lemma monomial_mat_transpose_pattern:
  assumes M: "monomial_mat m M" and W: "W \<in> carrier_mat m m"
    and nz: "\<And>i j. i < m \<Longrightarrow> j < m \<Longrightarrow> W $$ (i,j) \<noteq> 0 \<longleftrightarrow> M $$ (j,i) \<noteq> 0"
  shows "monomial_mat m W"
    and "\<And>j. j < m \<Longrightarrow> mono_row m W j = mono_col m M j"
    and "\<And>i. i < m \<Longrightarrow> mono_col m W i = mono_row m M i"
proof -
  have "\<exists>!j. j < m \<and> W $$ (i,j) \<noteq> 0" if "i < m" for i
  proof -
    have "(\<lambda>j. j < m \<and> W $$ (i,j) \<noteq> 0) = (\<lambda>j. j < m \<and> M $$ (j,i) \<noteq> 0)"
      using nz that by auto
    then show ?thesis using monomial_mat_col_unique[OF M that] by simp
  qed
  moreover have "\<exists>!i. i < m \<and> W $$ (i,j) \<noteq> 0" if "j < m" for j
  proof -
    have "(\<lambda>i. i < m \<and> W $$ (i,j) \<noteq> 0) = (\<lambda>i. i < m \<and> M $$ (j,i) \<noteq> 0)"
      using nz that by auto
    then show ?thesis using monomial_mat_row_unique[OF M that] by simp
  qed
  ultimately show W_mono: "monomial_mat m W"
    unfolding monomial_mat_def using W by blast
  show "mono_row m W j = mono_col m M j" if "j < m" for j
    using mono_row_eq[OF W_mono mono_col_spec(1)[OF M that] that] nz mono_col_spec[OF M that] that
    by blast
  show "mono_col m W i = mono_row m M i" if "i < m" for i
    using mono_col_eq[OF W_mono that mono_row_spec(1)[OF M that]] nz mono_row_spec[OF M that] that
    by blast
qed

lemma sum_atLeast0_single:
  fixes g :: "nat \<Rightarrow> 'a::comm_monoid_add"
  assumes "k < m" "\<And>i. i < m \<Longrightarrow> i \<noteq> k \<Longrightarrow> g i = 0"
  shows "(\<Sum>i\<in>{0..<m}. g i) = g k"
  using assms by (subst sum.mono_neutral_right[of "{0..<m}" "{k}"]) auto
lemma comm_group_ZxZn:
  assumes "n \<ge> 1"
  shows "comm_group (ZxZn n)"
proof (rule group.group_comm_groupI)
  show "group (ZxZn n)"
  proof (rule groupI)
    fix x assume "x \<in> carrier (ZxZn n)"
    have "((- snd x) mod int n + snd x) mod int n = 0"
      by (simp add: mod_add_left_eq)
    then show "\<exists>y\<in>carrier (ZxZn n). y \<otimes>\<^bsub>ZxZn n\<^esub> x = \<one>\<^bsub>ZxZn n\<^esub>"
      using assms by (intro bexI[of _ "(- fst x, (- snd x) mod int n)"]) auto
  qed (use assms in \<open>auto simp: mod_add_left_eq mod_add_right_eq add.assoc\<close>)
qed (auto simp: add.commute)

lemma fst_hom_ZxZn: "fst \<in> hom (ZxZn n) integer_group"
  by (rule homI) auto

lemma finite_ZxZn_fst_bounded: "finite {x \<in> carrier (ZxZn n). \<bar>fst x\<bar> \<le> N}"
proof (rule finite_subset)
  show "{x \<in> carrier (ZxZn n). \<bar>fst x\<bar> \<le> N} \<subseteq> {-N..N} \<times> {0..<int n}"
    by force
qed simp

lemma ZxZn_infinite_subgroup_ex_least_pos_fst:
  assumes "n \<ge> 1" "subgroup K (ZxZn n)" "infinite K"
  shows "\<exists>g\<in>K. 0 < fst g \<and> (\<forall>y\<in>K. 0 < fst y \<longrightarrow> fst g \<le> fst y)"
proof -
  have "\<not> K \<subseteq> {x \<in> carrier (ZxZn n). \<bar>fst x\<bar> \<le> 0}"
    using assms(3) finite_subset finite_ZxZn_fst_bounded by blast
  then obtain x where "x \<in> K" "fst x \<noteq> 0"
    using subgroup.subset[OF assms(2)] by auto
  then show ?thesis
    using comm_group.axioms(2)[OF comm_group_ZxZn[OF assms(1)]]
    by (intro group.subgroup_ex_least_pos_hom[OF _ fst_hom_ZxZn assms(2)])
qed

lemma chabauty_tendsto_eventually_Int_eq:
  assumes "chabauty_tendsto G H L" "finite S" "S \<subseteq> carrier G"
  shows "\<forall>\<^sub>F k in sequentially. H k \<inter> S = L \<inter> S"
proof -
  have "\<forall>\<^sub>F k in sequentially. \<forall>x\<in>S. (x \<in> H k) = (x \<in> L)"
    using assms unfolding chabauty_tendsto_def by (intro eventually_ball_finite) auto
  then show ?thesis by (rule eventually_mono) blast
qed

lemma tends_to_infinity_ZxZn_iff:
  assumes carrier: "\<forall>\<^sub>F k in sequentially. g k \<in> carrier (ZxZn n)"
  shows "tends_to_infinity (ZxZn n) g \<longleftrightarrow> (\<forall>N. \<forall>\<^sub>F k in sequentially. N < \<bar>fst (g k)\<bar>)"
proof (intro iffI allI)
  fix N
  let ?B = "{x \<in> carrier (ZxZn n). \<bar>fst x\<bar> \<le> N}"
  assume "tends_to_infinity (ZxZn n) g"
  moreover have "?B \<subseteq> carrier (ZxZn n) \<and> finite ?B"
    using finite_ZxZn_fst_bounded by blast
  ultimately have "\<forall>\<^sub>F k in sequentially. g k \<notin> ?B"
    unfolding tends_to_infinity_def by blast
  with carrier show "\<forall>\<^sub>F k in sequentially. N < \<bar>fst (g k)\<bar>"
    by eventually_elim auto
next
  assume large: "\<forall>N. \<forall>\<^sub>F k in sequentially. N < \<bar>fst (g k)\<bar>"
  show "tends_to_infinity (ZxZn n) g"
    unfolding tends_to_infinity_def
  proof (intro allI impI)
    fix F assume "F \<subseteq> carrier (ZxZn n) \<and> finite F"
    then have bound: "\<bar>fst y\<bar> \<le> (\<Sum>z\<in>F. \<bar>fst z\<bar>)" if "y \<in> F" for y
      using that by (intro member_le_sum) auto
    show "\<forall>\<^sub>F k in sequentially. g k \<notin> F"
      using large[rule_format, of "\<Sum>z\<in>F. \<bar>fst z\<bar>"] by (rule eventually_mono) (use bound in fastforce)
  qed
qed

lemma ZxZn_chabauty_tendsto_imp_generate:
  assumes n: "n \<ge> 1" and h: "h \<in> carrier (ZxZn n)" "fst h = 0"
    and H: "\<forall>\<^sub>F k in sequentially. subgroup (H k) (ZxZn n) \<and> infinite (H k)"
    and conv: "chabauty_tendsto (ZxZn n) H (generate (ZxZn n) {h})"
  shows "\<exists>g. (\<forall>\<^sub>F k in sequentially. g k \<in> carrier (ZxZn n) \<and> H k = generate (ZxZn n) {h, g k})
           \<and> tends_to_infinity (ZxZn n) g"
proof -
  interpret comm_group "ZxZn n" by (rule comm_group_ZxZn[OF n])
  define L where "L = generate (ZxZn n) {h}"
  define B where "B N = {x \<in> carrier (ZxZn n). \<bar>fst x\<bar> \<le> N}" for N
  define g where "g k = (SOME g. g \<in> H k \<and> 0 < fst g \<and> (\<forall>y\<in>H k. 0 < fst y \<longrightarrow> fst g \<le> fst y))"
    for k
  have L_fst: "fst x = 0" if "x \<in> L" for x
    using hom_integer_group_generate_singleton_zero[OF fst_hom_ZxZn h] that unfolding L_def .
  have L_B: "L \<subseteq> B 0"
  proof
    fix x assume "x \<in> L"
    then have "x \<in> carrier (ZxZn n)"
      using generate_in_carrier[of "{h}" x] h(1) unfolding L_def by blast
    then show "x \<in> B 0"
      using L_fst[OF \<open>x \<in> L\<close>] unfolding B_def by simp
  qed
  have agree: "\<forall>\<^sub>F k in sequentially. H k \<inter> B N = L \<inter> B N" for N
    using chabauty_tendsto_eventually_Int_eq[OF conv[folded L_def]] finite_ZxZn_fst_bounded
    unfolding B_def by blast
  have least: "g k \<in> H k \<and> 0 < fst (g k) \<and> (\<forall>y\<in>H k. 0 < fst y \<longrightarrow> fst (g k) \<le> fst y)"
    if "subgroup (H k) (ZxZn n)" "infinite (H k)" for k
    unfolding g_def by (rule someI_ex) (use ZxZn_infinite_subgroup_ex_least_pos_fst[OF n that] in blast)
  have gen: "\<forall>\<^sub>F k in sequentially. g k \<in> carrier (ZxZn n) \<and> H k = generate (ZxZn n) {h, g k}"
    using H agree[of 0]
  proof eventually_elim
    case (elim k)
    then have sub: "subgroup (H k) (ZxZn n)" by blast
    have HL: "H k \<inter> B 0 = L"
      using elim(2) L_B by auto
    have "h \<in> H k"
      using HL generate.incl[of h "{h}" "ZxZn n"] unfolding L_def by blast
    have torsion: "y \<in> L" if "y \<in> H k" "fst y = 0" for y
    proof -
      have "y \<in> H k \<inter> B 0"
        using that subgroup.subset[OF sub] unfolding B_def by auto
      then show ?thesis by (simp add: HL)
    qed
    obtain "g k \<in> H k" "0 < fst (g k)" "\<And>y. y \<in> H k \<Longrightarrow> 0 < fst y \<Longrightarrow> fst (g k) \<le> fst y"
      using least elim(1) by blast
    then show ?case
      using subgroup_eq_generate_least_pos_hom[OF fst_hom_ZxZn sub \<open>h \<in> H k\<close>] torsion
        subgroup.subset[OF sub] unfolding L_def by blast
  qed
  have g_carrier: "\<forall>\<^sub>F k in sequentially. g k \<in> carrier (ZxZn n)"
    using gen by (rule eventually_mono) blast
  have "tends_to_infinity (ZxZn n) g"
    unfolding tends_to_infinity_ZxZn_iff[OF g_carrier]
  proof
    fix N
    show "\<forall>\<^sub>F k in sequentially. N < \<bar>fst (g k)\<bar>"
      using H agree[of N]
    proof eventually_elim
      case (elim k)
      then have "g k \<in> H k" "0 < fst (g k)"
        using least by blast+
      then have "g k \<notin> L \<inter> B N"
        using L_fst by fastforce
      then have "g k \<notin> B N"
        using elim(2) \<open>g k \<in> H k\<close> by blast
      moreover have "g k \<in> carrier (ZxZn n)"
        using elim(1) \<open>g k \<in> H k\<close> subgroup.subset by blast
      ultimately show ?case
        unfolding B_def by auto
    qed
  qed
  with gen show ?thesis unfolding L_def by blast
qed

lemma ZxZn_generate_imp_chabauty_tendsto:
  assumes n: "n \<ge> 1" and h: "h \<in> carrier (ZxZn n)" "fst h = 0"
    and gen: "\<forall>\<^sub>F k in sequentially. g k \<in> carrier (ZxZn n) \<and> H k = generate (ZxZn n) {h, g k}"
    and g: "tends_to_infinity (ZxZn n) g"
  shows "chabauty_tendsto (ZxZn n) H (generate (ZxZn n) {h})"
  unfolding chabauty_tendsto_def
proof
  fix x assume "x \<in> carrier (ZxZn n)"
  have g_carrier: "\<forall>\<^sub>F k in sequentially. g k \<in> carrier (ZxZn n)"
    using gen by (rule eventually_mono) blast
  have "\<forall>\<^sub>F k in sequentially. \<bar>fst x\<bar> < \<bar>fst (g k)\<bar>"
    using g tends_to_infinity_ZxZn_iff[OF g_carrier] by blast
  with gen show "\<forall>\<^sub>F k in sequentially. (x \<in> H k) = (x \<in> generate (ZxZn n) {h})"
    by eventually_elim
      (simp add: comm_group.generate_doubleton_hom_small_iff[OF comm_group_ZxZn[OF n] fst_hom_ZxZn h(1) _ h(2)])
qed

lemma ZxZn_chabauty_tendsto_iff_generate:
  assumes "n \<ge> 1" "h \<in> carrier (ZxZn n)" "fst h = 0"
    and "\<forall>\<^sub>F k in sequentially. subgroup (H k) (ZxZn n) \<and> infinite (H k)"
  shows "chabauty_tendsto (ZxZn n) H (generate (ZxZn n) {h}) \<longleftrightarrow>
    (\<exists>g. (\<forall>\<^sub>F k in sequentially. g k \<in> carrier (ZxZn n) \<and> H k = generate (ZxZn n) {h, g k})
         \<and> tends_to_infinity (ZxZn n) g)"
  using ZxZn_chabauty_tendsto_imp_generate[OF assms] ZxZn_generate_imp_chabauty_tendsto[OF assms(1-3)]
  by blast

theorem proposition3:
  fixes n m :: nat and H :: "nat \<Rightarrow> (int \<times> int) set"
  assumes "n \<ge> 1"
    and "m dvd n"
    and "\<forall>k>0. subgroup (H k) (ZxZn n) \<and> infinite (H k) \<and> group_rank (ZxZn n) (H k) = 2"
  shows "chabauty_tendsto (ZxZn n) H (generate (ZxZn n) {(0, int m mod int n)})
     \<longleftrightarrow> (\<exists>g :: nat \<Rightarrow> int \<times> int.
            (\<forall>\<^sub>F k in sequentially. g k \<in> carrier (ZxZn n) \<and>
                 H k = generate (ZxZn n) {(0, int m mod int n), g k})
            \<and> tends_to_infinity (ZxZn n) g)"
proof -
  have h: "(0, int m mod int n) \<in> carrier (ZxZn n)" "fst (0::int, int m mod int n) = 0"
    using assms(1) by auto
  have H: "\<forall>\<^sub>F k in sequentially. subgroup (H k) (ZxZn n) \<and> infinite (H k)"
    using eventually_gt_at_top[of 0] by (rule eventually_mono) (use assms(3) in blast)
  show ?thesis
    by (rule ZxZn_chabauty_tendsto_iff_generate[OF assms(1) h H])
qed

end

========================================================================

EXERCISE INSTRUCTIONS: In the records above, locate every line with the string "torsion" and copy it.

PROBLEM SOLUTION:
    have torsion: "y \<in> L" if "y \<in> H k" "fst y = 0" for y
      using subgroup_eq_generate_least_pos_hom[OF fst_hom_ZxZn sub \<open>h \<in> H k\<close>] torsion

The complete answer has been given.